Back-to-back shows at the Riverwood Inn this week: Thursday it's Chief Greenbud, an itinerant songwriter from Tennessee whose dope-themed repertoire, with songs such as, "It's 4:20 Somewhere," "Smoke As Much As You Like" and "A Friend With Weed," just might find an audience in SoHum. Friday night the Ave-o-Giants inn brings back The New Iberians, a Portland band named for a Louisiana Gulf coast town, playing Cajun-style zydeco and blues. Hot stuff.

Portland electropop band Starfucker, aka Strfckr, is on a Cali tour that will take them to the Outside Lands Music and Arts Festival in San Francisco's Golden Gate Park next weekend to play alongside Phish, Arcade Fire, MGMT and too many other hot bands du jour to list here. But first they play a show on Monday, Aug. 9, at the way out of the way Mattole Valley Community Center in Petrolia. Why? Well, Petrolia resident Sean McFarland knows Shawn Glassford, the bass player in the band. When he saw the proverbial Portland south gap in the band's schedule he suggested a Humboldt show -- the Petrolia gig was the result. McFarland's band, Me vs.
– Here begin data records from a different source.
(* Let $\alpha\in(0,1)$, $a,b\in\mathbb{R}$, $\tau>0$, and $Q(s)=s^\alpha-a-b e^{-s\tau}$ (principal branch of $s^\alpha$, defined for $s\in\mathbb{C}\setminus(-\infty,0]$). For any real numbers $\rho_1\le\rho_2$, the equation $Q(s)=0$ has at most finitely many roots in the vertical strip $\{z\in\mathbb{C}:\rho_1\le \operatorname{Re}z\le\rho_2\}$.
   Context: $s^\alpha=|s|^\alpha e^{i\alpha\arg s}$ with $\arg s\in(-\pi,\pi)$. *)

theory Defs
  imports "HOL-Analysis.Analysis"
begin

text \<open>Principal branch s^alpha = |s|^alpha e^{i alpha arg s}, arg s in (-pi,pi),
  defined on the slit plane C minus (-inf,0]. Library: powr uses principal Ln.\<close>
definition slit_plane :: "complex set" where
  "slit_plane = - {z. Im z = 0 \<and> Re z \<le> 0}"

definition Qfun :: "real \<Rightarrow> real \<Rightarrow> real \<Rightarrow> real \<Rightarrow> complex \<Rightarrow> complex" where
  "Qfun \<alpha> a b \<tau> s = s powr (complex_of_real \<alpha>) - complex_of_real a
      - complex_of_real b * exp (- s * complex_of_real \<tau>)"

end

theory Submission
  imports Defs "HOL-Complex_Analysis.Complex_Analysis"
begin

text \<open>
  Zeros of Q in the strip are bounded, since there |s|^\<alpha> \<le> |a| + |b| exp(-\<rho>1 \<tau>).
  They also stay away from 0: near 0 the term b (exp(-s \<tau>) - 1) is O(|s|), whereas
  |s^\<alpha> - (a + b)| is not, because \<alpha> < 1. As Q commutes with conjugation, it suffices
  to count zeros in the closed upper half plane. There s^\<alpha> = exp(i \<alpha> \<pi>/2) (-i s)^\<alpha>,
  a branch that is holomorphic across the negative real axis, so these zeros are zeros of a
  non-constant holomorphic function in a compact subset of its domain, hence finitely many.
\<close>

lemma eventually_linear_less_powr:
  fixes \<alpha> c :: real
  assumes "\<alpha> < 1"
  shows "eventually (\<lambda>x. c * x < x powr \<alpha>) (at_right 0)"
proof -
  have pos: "eventually (\<lambda>x. 0 < x) (at_right (0::real))"
    by (simp add: eventually_at_right_less)
  have "((\<lambda>x. \<bar>c\<bar> * x powr (1 - \<alpha>)) \<longlongrightarrow> \<bar>c\<bar> * 0) (at_right 0)"
    using assms by (intro tendsto_intros tendsto_zero_powrI eventually_mono[OF pos]) auto
  then have "eventually (\<lambda>x. \<bar>c\<bar> * x powr (1 - \<alpha>) < 1) (at_right 0)"
    by (simp add: order_tendstoD(2))
  with pos show ?thesis
  proof eventually_elim
    case (elim x)
    have "c * x \<le> \<bar>c\<bar> * x powr (1 - \<alpha>) * x powr \<alpha>"
      using elim by (simp add: mult.assoc powr_add[symmetric])
    also have "\<dots> < x powr \<alpha>"
      using elim by simp
    finally show ?case .
  qed
qed

lemma eventually_linear_less_powr_dist:
  fixes \<alpha> c d :: real
  assumes "0 < \<alpha>" "\<alpha> < 1"
  shows "eventually (\<lambda>x. c * x < \<bar>x powr \<alpha> - d\<bar>) (at_right 0)"
proof (cases "d = 0")
  case True
  then show ?thesis
    using eventually_linear_less_powr[OF assms(2)] by (auto elim: eventually_mono)
next
  case False
  have "((\<lambda>x. x powr \<alpha>) \<longlongrightarrow> 0) (at_right 0)"
    using assms eventually_at_right_less[of "0::real"]
    by (intro tendsto_zero_powrI) (auto elim: eventually_mono)
  then have "((\<lambda>x. \<bar>x powr \<alpha> - d\<bar> - c * x) \<longlongrightarrow> \<bar>0 - d\<bar> - c * 0) (at_right 0)"
    by (intro tendsto_intros)
  then have "eventually (\<lambda>x. 0 < \<bar>x powr \<alpha> - d\<bar> - c * x) (at_right 0)"
    using False by (intro order_tendstoD(1)) auto
  then show ?thesis
    by (auto elim: eventually_mono)
qed

lemma open_rotated_slit_plane: "open {s::complex. c * s \<notin> \<real>\<^sub>\<le>\<^sub>0}"
  by (intro open_Collect_neg continuous_closed_vimage[unfolded vimage_def] continuous_intros) simp

lemma connected_rotated_slit_plane:
  assumes "c \<noteq> 0"
  shows "connected {s::complex. c * s \<notin> \<real>\<^sub>\<le>\<^sub>0}"
proof -
  have "complex_of_real ` {..0} = \<real>\<^sub>\<le>\<^sub>0"
    by (auto simp: complex_nonpos_Reals_iff image_iff complex_eq_iff)
  then have "connected (- \<real>\<^sub>\<le>\<^sub>0 :: complex set)"
    using starlike_imp_connected[OF starlike_slotted_complex_plane_left[of 0]] by simp
  then have "connected ((\<lambda>w. w / c) ` (- \<real>\<^sub>\<le>\<^sub>0))"
    using assms by (intro connected_continuous_image continuous_intros) auto
  also have "(\<lambda>w. w / c) ` (- \<real>\<^sub>\<le>\<^sub>0) = {s. c * s \<notin> \<real>\<^sub>\<le>\<^sub>0}"
    using assms by (auto simp: image_iff field_simps intro!: bexI[where x = "c * _"])
  finally show ?thesis .
qed

lemma Ln_upper_half_plane:
  assumes "s \<noteq> 0" "0 \<le> Im s"
  shows "Ln s = Ln (- \<i> * s) + \<i> * pi / 2"
proof (rule Ln_unique)
  have nz: "- \<i> * s \<noteq> 0" using assms by auto
  have "exp (\<i> * complex_of_real pi / 2) = \<i>"
    by (simp add: complex_eq_iff Re_exp Im_exp)
  then show "exp (Ln (- \<i> * s) + \<i> * pi / 2) = s"
    using nz by (simp add: exp_add mult.commute mult.left_commute)
  have "\<bar>Im (Ln (- \<i> * s))\<bar> \<le> pi / 2"
    using Re_Ln_pos_le[OF nz] assms by simp
  then have "- (pi / 2) \<le> Im (Ln (- \<i> * s))" "Im (Ln (- \<i> * s)) \<le> pi / 2"
    by (simp_all add: abs_le_iff)
  moreover have "Im (Ln (- \<i> * s) + \<i> * pi / 2) = Im (Ln (- \<i> * s)) + pi / 2"
    by simp
  ultimately show "- pi < Im (Ln (- \<i> * s) + \<i> * pi / 2)" "Im (Ln (- \<i> * s) + \<i> * pi / 2) \<le> pi"
    using pi_gt_zero by linarith+
qed

lemma powr_upper_half_plane:
  assumes "0 \<le> Im s"
  shows "s powr w = exp (\<i> * w * pi / 2) * (- \<i> * s) powr w"
  using Ln_upper_half_plane[OF _ assms]
  by (simp add: powr_def exp_add[symmetric] algebra_simps)

lemma Qfun_zeros_bounded_away_from_zero:
  fixes \<alpha> a b \<tau> :: real
  assumes "0 < \<alpha>" "\<alpha> < 1" "0 < \<tau>"
  obtains r where "0 < r" "\<And>s. s \<in> slit_plane \<Longrightarrow> Qfun \<alpha> a b \<tau> s = 0 \<Longrightarrow> r \<le> norm s"
proof -
  define c where "c = 3 / 2 * \<bar>b\<bar> * \<tau>"
  obtain r0 where "0 < r0" and r0: "\<And>x. 0 < x \<Longrightarrow> x < r0 \<Longrightarrow> c * x < \<bar>x powr \<alpha> - \<bar>a + b\<bar>\<bar>"
    using eventually_linear_less_powr_dist[OF assms(1,2), of c "\<bar>a + b\<bar>"]
    unfolding eventually_at_right_field by auto
  define r where "r = min r0 (1 / (2 * \<tau>))"
  have "r \<le> norm s" if s: "s \<in> slit_plane" "Qfun \<alpha> a b \<tau> s = 0" for s
  proof (rule ccontr)
    assume "\<not> r \<le> norm s"
    then have "norm s < r0" "norm s < 1 / (2 * \<tau>)"
      by (auto simp: r_def)
    then have "norm s < r0" "norm s * \<tau> < 1 / 2"
      using assms(3) by (simp_all add: field_simps)
    then have small: "norm s < r0" "norm (- s * complex_of_real \<tau>) \<le> 1 / 2"
      using assms(3) by (simp_all add: norm_mult)
    have "0 < norm s"
      using s(1) by (auto simp: slit_plane_def)
    then have "c * norm s < \<bar>norm (s powr complex_of_real \<alpha>) - norm (complex_of_real (a + b))\<bar>"
      using r0 small(1) by (simp add: norm_powr_real_powr' del: of_real_add)
    also have "\<dots> \<le> norm (s powr complex_of_real \<alpha> - complex_of_real (a + b))"
      by (rule norm_triangle_ineq3)
    also have "s powr complex_of_real \<alpha> - complex_of_real (a + b)
        = complex_of_real b * (exp (- s * complex_of_real \<tau>) - 1)"
      using s(2) by (simp add: Qfun_def algebra_simps)
    also have "norm \<dots> \<le> \<bar>b\<bar> * (3 / 2 * norm (- s * complex_of_real \<tau>))"
      unfolding norm_mult[of "complex_of_real b"] norm_of_real
      by (intro mult_left_mono norm_exp_bounds(2) small(2)) simp
    also have "\<dots> = c * norm s"
      using assms(3) by (simp add: c_def norm_mult)
    finally show False by simp
  qed
  moreover have "0 < r"
    using \<open>0 < r0\<close> assms(3) by (simp add: r_def)
  ultimately show ?thesis
    using that by blast
qed

lemma Qfun_zero_norm_le:
  fixes \<alpha> a b \<tau> \<rho> :: real
  assumes "0 < \<alpha>" "0 < \<tau>" "\<rho> \<le> Re s" "Qfun \<alpha> a b \<tau> s = 0"
  shows "norm s \<le> (\<bar>a\<bar> + \<bar>b\<bar> * exp (- \<rho> * \<tau>)) powr (1 / \<alpha>)"
proof -
  have "norm s powr \<alpha> = norm (s powr complex_of_real \<alpha>)"
    by (simp add: norm_powr_real_powr')
  also have "s powr complex_of_real \<alpha> = complex_of_real a + complex_of_real b * exp (- s * complex_of_real \<tau>)"
    using assms(4) by (simp add: Qfun_def algebra_simps)
  also have "norm \<dots> \<le> \<bar>a\<bar> + \<bar>b\<bar> * norm (exp (- s * complex_of_real \<tau>))"
    by (metis norm_triangle_ineq norm_of_real norm_mult)
  also have "\<dots> = \<bar>a\<bar> + \<bar>b\<bar> * exp (- Re s * \<tau>)"
    by simp
  also have "\<dots> \<le> \<bar>a\<bar> + \<bar>b\<bar> * exp (- \<rho> * \<tau>)"
    using assms(2,3) by (auto intro!: mult_left_mono)
  finally have "(norm s powr \<alpha>) powr (1 / \<alpha>) \<le> (\<bar>a\<bar> + \<bar>b\<bar> * exp (- \<rho> * \<tau>)) powr (1 / \<alpha>)"
    using assms(1) by (intro powr_mono2) auto
  then show ?thesis
    using assms(1) by (simp add: powr_powr)
qed

lemma Qfun_cnj:
  assumes "s \<in> slit_plane"
  shows "Qfun \<alpha> a b \<tau> (cnj s) = cnj (Qfun \<alpha> a b \<tau> s)"
proof -
  have "cnj (s powr complex_of_real \<alpha>) = cnj s powr complex_of_real \<alpha>"
    using assms by (subst cnj_powr) (auto simp: slit_plane_def)
  then show ?thesis
    by (simp add: Qfun_def exp_cnj)
qed

lemma Qfun_of_real:
  assumes "0 \<le> x"
  shows "Qfun \<alpha> a b \<tau> (complex_of_real x) = complex_of_real (x powr \<alpha> - a - b * exp (- x * \<tau>))"
proof -
  have "exp (- complex_of_real x * complex_of_real \<tau>) = complex_of_real (exp (- x * \<tau>))"
    by (metis exp_of_real of_real_minus of_real_mult)
  with assms show ?thesis
    by (simp add: Qfun_def powr_of_real)
qed

lemma powr_minus_exp_not_constant:
  fixes \<alpha> b \<tau> :: real
  assumes "0 < \<alpha>" "0 \<le> \<tau>"
  shows "\<not> (\<lambda>x. x powr \<alpha> - b * exp (- x * \<tau>)) constant_on {0<..}"
proof
  define x where "x = (2 * \<bar>b\<bar> + 2) powr (1 / \<alpha>)"
  have "0 < x" "x powr \<alpha> = 2 * \<bar>b\<bar> + 2"
    using assms(1) by (simp_all add: x_def powr_powr)
  assume "(\<lambda>x. x powr \<alpha> - b * exp (- x * \<tau>)) constant_on {0<..}"
  then have "x powr \<alpha> - b * exp (- x * \<tau>) = 1 powr \<alpha> - b * exp (- 1 * \<tau>)"
    using \<open>0 < x\<close> unfolding constant_on_def by (metis greaterThan_iff zero_less_one)
  then have "2 * \<bar>b\<bar> + 1 = b * (exp (- x * \<tau>) - exp (- \<tau>))"
    using \<open>x powr \<alpha> = _\<close> by (simp add: algebra_simps)
  also have "\<dots> \<le> \<bar>b\<bar> * \<bar>exp (- x * \<tau>) - exp (- \<tau>)\<bar>"
    by (metis abs_ge_self abs_mult)
  also have "\<dots> \<le> \<bar>b\<bar> * 1"
  proof (intro mult_left_mono)
    have "0 < exp (- x * \<tau>)" "exp (- x * \<tau>) \<le> 1" "0 < exp (- \<tau>)" "exp (- \<tau>) \<le> 1"
      using assms(2) \<open>0 < x\<close> by simp_all
    then show "\<bar>exp (- x * \<tau>) - exp (- \<tau>)\<bar> \<le> 1"
      by linarith
  qed simp
  finally show False by simp
qed

lemma finite_Qfun_zeros_upper_strip:
  fixes \<alpha> a b \<tau> \<rho>1 \<rho>2 :: real
  assumes "0 < \<alpha>" "\<alpha> < 1" "0 < \<tau>"
  shows "finite {s \<in> slit_plane. \<rho>1 \<le> Re s \<and> Re s \<le> \<rho>2 \<and> 0 \<le> Im s \<and> Qfun \<alpha> a b \<tau> s = 0}"
proof -
  obtain r where "0 < r" and r: "\<And>s. s \<in> slit_plane \<Longrightarrow> Qfun \<alpha> a b \<tau> s = 0 \<Longrightarrow> r \<le> norm s"
    using Qfun_zeros_bounded_away_from_zero[OF assms] by blast
  define R where "R = (\<bar>a\<bar> + \<bar>b\<bar> * exp (- \<rho>1 * \<tau>)) powr (1 / \<alpha>)"
  define K where "K = {s. \<rho>1 \<le> Re s \<and> Re s \<le> \<rho>2 \<and> 0 \<le> Im s \<and> r \<le> norm s \<and> norm s \<le> R}"
  define D where "D = {s. - \<i> * s \<notin> \<real>\<^sub>\<le>\<^sub>0}"
  define G where
    "G s = exp (\<i> * \<alpha> * pi / 2) * (- \<i> * s) powr \<alpha> - a - b * exp (- s * \<tau>)" for s :: complex
  have QG: "Qfun \<alpha> a b \<tau> s = G s" if "0 \<le> Im s" for s
    using powr_upper_half_plane[OF that] by (simp add: Qfun_def G_def)
  have "compact K"
  proof -
    have "closed K"
      unfolding K_def by (intro closed_Collect_conj closed_Collect_le continuous_intros)
    moreover have "K \<subseteq> cball 0 R"
      by (auto simp: K_def)
    ultimately show ?thesis
      by (metis bounded_cball bounded_subset compact_eq_bounded_closed)
  qed
  moreover have "K \<subseteq> D"
    using \<open>0 < r\<close> by (auto simp: K_def D_def complex_nonpos_Reals_iff cmod_def)
  moreover have "G holomorphic_on D"
    unfolding G_def D_def by (intro holomorphic_intros) auto
  moreover have "\<not> G constant_on D"
  proof
    assume "G constant_on D"
    then obtain y where y: "\<And>s. s \<in> D \<Longrightarrow> G s = y"
      by (auto simp: constant_on_def)
    have "x powr \<alpha> - b * exp (- x * \<tau>) = Re y + a" if "0 < x" for x :: real
    proof -
      have "complex_of_real x \<in> D"
        using that by (simp add: D_def complex_nonpos_Reals_iff)
      then have "Qfun \<alpha> a b \<tau> (complex_of_real x) = y"
        using QG y by simp
      then show ?thesis
        using that by (auto simp: Qfun_of_real)
    qed
    then show False
      using powr_minus_exp_not_constant[OF assms(1), of \<tau> b] assms(3)
      by (auto simp: constant_on_def)
  qed
  ultimately have "finite {s \<in> K. G s = 0}"
    using open_rotated_slit_plane[of "- \<i>"] connected_rotated_slit_plane[of "- \<i>"]
    unfolding D_def[symmetric] by (intro holomorphic_compact_finite_zeros[of G D]) auto
  moreover have "{s \<in> slit_plane. \<rho>1 \<le> Re s \<and> Re s \<le> \<rho>2 \<and> 0 \<le> Im s \<and> Qfun \<alpha> a b \<tau> s = 0}
      \<subseteq> {s \<in> K. G s = 0}"
    using r Qfun_zero_norm_le[OF assms(1,3)] QG by (fastforce simp: K_def R_def)
  ultimately show ?thesis
    by (rule finite_subset[rotated])
qed

theorem lemma3p1:
  fixes \<alpha> a b \<tau> \<rho>1 \<rho>2 :: real
  assumes "0 < \<alpha>" "\<alpha> < 1" "0 < \<tau>" "\<rho>1 \<le> \<rho>2"
  shows "finite {s \<in> slit_plane. \<rho>1 \<le> Re s \<and> Re s \<le> \<rho>2 \<and> Qfun \<alpha> a b \<tau> s = 0}"
proof -
  let ?U = "{s \<in> slit_plane. \<rho>1 \<le> Re s \<and> Re s \<le> \<rho>2 \<and> 0 \<le> Im s \<and> Qfun \<alpha> a b \<tau> s = 0}"
  have "{s \<in> slit_plane. \<rho>1 \<le> Re s \<and> Re s \<le> \<rho>2 \<and> Qfun \<alpha> a b \<tau> s = 0} \<subseteq> ?U \<union> cnj ` ?U"
  proof safe
    fix s assume s: "s \<in> slit_plane" "\<rho>1 \<le> Re s" "Re s \<le> \<rho>2" "Qfun \<alpha> a b \<tau> s = 0" "s \<notin> cnj ` ?U"
    have "cnj s \<in> slit_plane"
      using s(1) by (simp add: slit_plane_def)
    moreover have "Qfun \<alpha> a b \<tau> (cnj s) = 0"
      using s(1,4) by (simp add: Qfun_cnj)
    ultimately have "Im s < 0 \<Longrightarrow> s \<in> cnj ` ?U"
      using s(2,3) by (intro image_eqI[of s cnj "cnj s"]) auto
    then show "0 \<le> Im s"
      using s(5) by linarith
  qed
  moreover have "finite ?U"
    by (rule finite_Qfun_zeros_upper_strip[OF assms(1-3)])
  ultimately show ?thesis
    by (meson finite_Un finite_imageI finite_subset)
qed

end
You, will open (showtime, early: 8 p.m.).

The somewhat unexpected closure of the Eureka Alibi sent shock waves through the U-freak-a indie scene, leading one musician, who had been booking shows at the now-shuttered club, to wonder on Facebook, "What are we going to do? Send every band to the Little Red Lion?"

That's where you'll find Toronto's Greys Tuesday night, on tour behind a new(ish) EP, Ultra Sorta, playing some sort of neo-grunge/stoner-rock hybrid their under-assistant West Coast promotion man describes simply as "very, very loud rock music."